▸ RECORDS PROVIDED:

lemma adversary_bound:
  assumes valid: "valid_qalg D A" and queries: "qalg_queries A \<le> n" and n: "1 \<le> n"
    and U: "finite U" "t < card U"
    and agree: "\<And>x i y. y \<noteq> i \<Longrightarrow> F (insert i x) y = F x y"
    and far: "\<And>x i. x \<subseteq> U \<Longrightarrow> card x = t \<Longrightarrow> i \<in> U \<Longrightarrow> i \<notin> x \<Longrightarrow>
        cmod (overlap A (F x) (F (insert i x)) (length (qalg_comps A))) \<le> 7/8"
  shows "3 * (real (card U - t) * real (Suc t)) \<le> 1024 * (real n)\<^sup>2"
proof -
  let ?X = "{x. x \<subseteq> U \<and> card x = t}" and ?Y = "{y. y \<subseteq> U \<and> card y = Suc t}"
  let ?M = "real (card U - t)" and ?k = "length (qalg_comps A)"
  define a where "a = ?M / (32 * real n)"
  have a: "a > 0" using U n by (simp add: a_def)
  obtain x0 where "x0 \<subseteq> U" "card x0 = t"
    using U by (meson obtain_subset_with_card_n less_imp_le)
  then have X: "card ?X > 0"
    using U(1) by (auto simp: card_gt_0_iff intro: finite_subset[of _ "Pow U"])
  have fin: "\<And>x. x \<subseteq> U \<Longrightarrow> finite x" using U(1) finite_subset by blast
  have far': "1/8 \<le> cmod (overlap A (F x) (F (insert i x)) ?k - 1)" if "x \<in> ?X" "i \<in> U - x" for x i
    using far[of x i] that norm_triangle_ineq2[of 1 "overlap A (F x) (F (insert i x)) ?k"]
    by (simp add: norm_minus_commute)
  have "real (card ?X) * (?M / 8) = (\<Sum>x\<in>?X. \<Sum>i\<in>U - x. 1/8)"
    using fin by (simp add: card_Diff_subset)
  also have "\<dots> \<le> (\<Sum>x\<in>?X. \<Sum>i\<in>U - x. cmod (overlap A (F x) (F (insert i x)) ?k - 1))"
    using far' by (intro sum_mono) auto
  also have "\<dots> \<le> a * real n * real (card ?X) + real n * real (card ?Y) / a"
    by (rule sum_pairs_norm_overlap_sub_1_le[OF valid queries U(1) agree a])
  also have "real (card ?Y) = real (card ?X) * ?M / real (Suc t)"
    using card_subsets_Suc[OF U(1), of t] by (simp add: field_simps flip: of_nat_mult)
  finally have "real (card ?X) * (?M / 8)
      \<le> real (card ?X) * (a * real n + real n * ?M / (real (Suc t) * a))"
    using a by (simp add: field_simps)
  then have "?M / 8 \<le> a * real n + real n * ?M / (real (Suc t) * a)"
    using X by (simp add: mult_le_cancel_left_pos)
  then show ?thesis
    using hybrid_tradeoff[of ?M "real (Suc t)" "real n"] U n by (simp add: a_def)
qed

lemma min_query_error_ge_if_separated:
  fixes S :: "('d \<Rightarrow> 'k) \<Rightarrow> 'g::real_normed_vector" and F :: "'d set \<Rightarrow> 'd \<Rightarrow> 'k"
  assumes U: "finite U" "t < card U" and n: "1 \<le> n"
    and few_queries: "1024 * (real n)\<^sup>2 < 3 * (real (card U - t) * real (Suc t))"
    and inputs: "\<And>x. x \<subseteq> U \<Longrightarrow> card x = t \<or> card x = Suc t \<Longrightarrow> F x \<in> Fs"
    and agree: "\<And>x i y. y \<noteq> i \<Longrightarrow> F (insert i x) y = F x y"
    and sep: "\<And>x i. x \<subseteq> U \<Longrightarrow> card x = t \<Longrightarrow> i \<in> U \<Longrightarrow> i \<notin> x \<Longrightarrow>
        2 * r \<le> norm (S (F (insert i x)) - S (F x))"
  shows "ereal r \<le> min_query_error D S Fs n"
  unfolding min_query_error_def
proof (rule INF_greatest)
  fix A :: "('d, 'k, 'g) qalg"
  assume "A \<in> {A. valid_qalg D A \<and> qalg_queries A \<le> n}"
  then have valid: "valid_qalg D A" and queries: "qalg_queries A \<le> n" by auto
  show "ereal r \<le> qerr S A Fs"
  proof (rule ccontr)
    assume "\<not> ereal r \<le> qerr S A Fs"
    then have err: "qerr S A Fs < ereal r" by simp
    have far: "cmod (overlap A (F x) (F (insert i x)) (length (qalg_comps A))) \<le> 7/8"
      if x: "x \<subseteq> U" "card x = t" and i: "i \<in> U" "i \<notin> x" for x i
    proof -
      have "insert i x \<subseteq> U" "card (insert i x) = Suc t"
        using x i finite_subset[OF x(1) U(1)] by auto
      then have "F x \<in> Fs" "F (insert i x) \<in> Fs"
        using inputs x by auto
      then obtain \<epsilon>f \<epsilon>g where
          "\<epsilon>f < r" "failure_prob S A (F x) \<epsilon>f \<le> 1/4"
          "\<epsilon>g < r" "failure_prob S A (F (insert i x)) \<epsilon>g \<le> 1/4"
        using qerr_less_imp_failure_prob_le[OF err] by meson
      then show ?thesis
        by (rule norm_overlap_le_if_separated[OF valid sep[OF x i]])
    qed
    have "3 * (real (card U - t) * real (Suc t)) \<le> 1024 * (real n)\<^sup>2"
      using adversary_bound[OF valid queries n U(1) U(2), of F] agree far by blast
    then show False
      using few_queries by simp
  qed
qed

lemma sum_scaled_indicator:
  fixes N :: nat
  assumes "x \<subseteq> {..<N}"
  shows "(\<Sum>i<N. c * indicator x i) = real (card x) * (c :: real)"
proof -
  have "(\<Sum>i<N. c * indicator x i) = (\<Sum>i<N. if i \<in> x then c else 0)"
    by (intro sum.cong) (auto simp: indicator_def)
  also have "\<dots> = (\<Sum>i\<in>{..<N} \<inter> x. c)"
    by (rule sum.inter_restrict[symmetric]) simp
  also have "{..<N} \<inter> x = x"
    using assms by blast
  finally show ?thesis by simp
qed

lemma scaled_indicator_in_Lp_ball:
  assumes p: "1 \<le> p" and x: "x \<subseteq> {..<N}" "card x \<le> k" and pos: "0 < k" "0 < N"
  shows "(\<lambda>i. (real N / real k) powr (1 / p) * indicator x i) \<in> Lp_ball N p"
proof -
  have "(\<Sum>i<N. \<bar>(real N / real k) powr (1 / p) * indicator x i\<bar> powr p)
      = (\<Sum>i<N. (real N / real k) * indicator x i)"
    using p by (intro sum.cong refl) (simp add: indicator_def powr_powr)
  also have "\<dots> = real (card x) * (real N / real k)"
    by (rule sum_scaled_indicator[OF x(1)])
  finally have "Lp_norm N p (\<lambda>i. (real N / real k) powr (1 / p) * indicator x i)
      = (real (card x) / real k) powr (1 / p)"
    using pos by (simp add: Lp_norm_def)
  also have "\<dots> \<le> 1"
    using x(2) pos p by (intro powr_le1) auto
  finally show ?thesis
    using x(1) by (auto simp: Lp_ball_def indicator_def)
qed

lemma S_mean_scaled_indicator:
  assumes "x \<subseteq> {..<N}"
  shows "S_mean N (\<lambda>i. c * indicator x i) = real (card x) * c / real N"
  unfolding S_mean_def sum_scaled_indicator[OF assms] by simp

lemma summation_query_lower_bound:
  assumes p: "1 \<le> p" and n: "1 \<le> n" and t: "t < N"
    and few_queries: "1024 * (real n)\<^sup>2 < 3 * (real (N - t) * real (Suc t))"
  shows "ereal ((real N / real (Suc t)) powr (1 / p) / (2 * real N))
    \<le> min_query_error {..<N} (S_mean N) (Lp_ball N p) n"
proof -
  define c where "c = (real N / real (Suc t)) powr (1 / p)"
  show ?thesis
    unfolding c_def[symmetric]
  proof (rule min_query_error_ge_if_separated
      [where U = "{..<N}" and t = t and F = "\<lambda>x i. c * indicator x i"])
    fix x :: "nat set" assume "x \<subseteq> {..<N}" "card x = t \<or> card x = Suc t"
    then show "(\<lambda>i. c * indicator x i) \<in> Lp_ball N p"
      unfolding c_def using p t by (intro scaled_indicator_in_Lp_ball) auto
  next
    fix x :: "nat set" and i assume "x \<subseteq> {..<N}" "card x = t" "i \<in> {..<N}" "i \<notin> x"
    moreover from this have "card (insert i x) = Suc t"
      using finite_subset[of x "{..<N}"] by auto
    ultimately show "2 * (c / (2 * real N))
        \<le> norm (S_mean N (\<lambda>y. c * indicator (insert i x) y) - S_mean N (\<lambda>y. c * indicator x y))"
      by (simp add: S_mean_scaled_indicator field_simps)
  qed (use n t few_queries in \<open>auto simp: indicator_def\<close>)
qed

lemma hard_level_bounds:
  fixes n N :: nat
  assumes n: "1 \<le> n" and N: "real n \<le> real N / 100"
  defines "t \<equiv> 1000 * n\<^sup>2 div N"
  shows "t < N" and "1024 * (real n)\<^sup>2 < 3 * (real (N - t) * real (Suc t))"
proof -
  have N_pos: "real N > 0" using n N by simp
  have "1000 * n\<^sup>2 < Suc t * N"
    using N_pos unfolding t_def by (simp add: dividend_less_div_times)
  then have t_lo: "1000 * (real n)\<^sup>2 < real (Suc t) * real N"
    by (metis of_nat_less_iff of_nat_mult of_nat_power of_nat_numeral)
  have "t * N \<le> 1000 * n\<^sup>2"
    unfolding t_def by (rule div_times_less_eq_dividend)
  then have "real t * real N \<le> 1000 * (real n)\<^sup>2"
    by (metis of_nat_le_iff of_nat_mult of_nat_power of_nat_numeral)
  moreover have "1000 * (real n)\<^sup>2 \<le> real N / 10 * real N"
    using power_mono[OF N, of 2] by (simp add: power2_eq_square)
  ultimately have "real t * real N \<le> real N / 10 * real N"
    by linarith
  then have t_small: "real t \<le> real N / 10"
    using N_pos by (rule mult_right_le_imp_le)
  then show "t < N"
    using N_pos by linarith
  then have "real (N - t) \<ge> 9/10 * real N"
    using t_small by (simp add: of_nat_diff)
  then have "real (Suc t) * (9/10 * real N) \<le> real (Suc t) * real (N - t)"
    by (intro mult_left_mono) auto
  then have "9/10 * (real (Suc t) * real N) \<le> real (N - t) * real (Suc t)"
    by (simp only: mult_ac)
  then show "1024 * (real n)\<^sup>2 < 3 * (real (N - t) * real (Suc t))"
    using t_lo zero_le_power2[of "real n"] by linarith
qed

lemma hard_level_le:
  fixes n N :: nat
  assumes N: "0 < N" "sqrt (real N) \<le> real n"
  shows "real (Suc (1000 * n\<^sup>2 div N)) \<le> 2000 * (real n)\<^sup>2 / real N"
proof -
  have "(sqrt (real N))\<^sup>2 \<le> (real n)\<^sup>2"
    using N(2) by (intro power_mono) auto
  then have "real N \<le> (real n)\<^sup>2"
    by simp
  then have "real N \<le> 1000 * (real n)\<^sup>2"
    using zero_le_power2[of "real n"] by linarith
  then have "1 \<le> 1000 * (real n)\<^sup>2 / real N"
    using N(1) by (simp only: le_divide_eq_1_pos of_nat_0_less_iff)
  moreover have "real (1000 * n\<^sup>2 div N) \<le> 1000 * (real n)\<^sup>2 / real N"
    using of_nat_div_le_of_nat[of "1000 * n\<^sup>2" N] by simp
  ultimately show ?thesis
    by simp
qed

▸ PROBLEM STATEMENT: Repeat, word for word, the lines above between the line holding "(real N) \<le>" and the line holding "div N) \<le>", inclusive; omit everything else.

▸ ANSWER FOR THIS EXERCISE:
  assumes N: "0 < N" "sqrt (real N) \<le> real n"
  shows "real (Suc (1000 * n\<^sup>2 div N)) \<le> 2000 * (real n)\<^sup>2 / real N"
proof -
  have "(sqrt (real N))\<^sup>2 \<le> (real n)\<^sup>2"
    using N(2) by (intro power_mono) auto
  then have "real N \<le> (real n)\<^sup>2"
    by simp
  then have "real N \<le> 1000 * (real n)\<^sup>2"
    using zero_le_power2[of "real n"] by linarith
  then have "1 \<le> 1000 * (real n)\<^sup>2 / real N"
    using N(1) by (simp only: le_divide_eq_1_pos of_nat_0_less_iff)
  moreover have "real (1000 * n\<^sup>2 div N) \<le> 1000 * (real n)\<^sup>2 / real N"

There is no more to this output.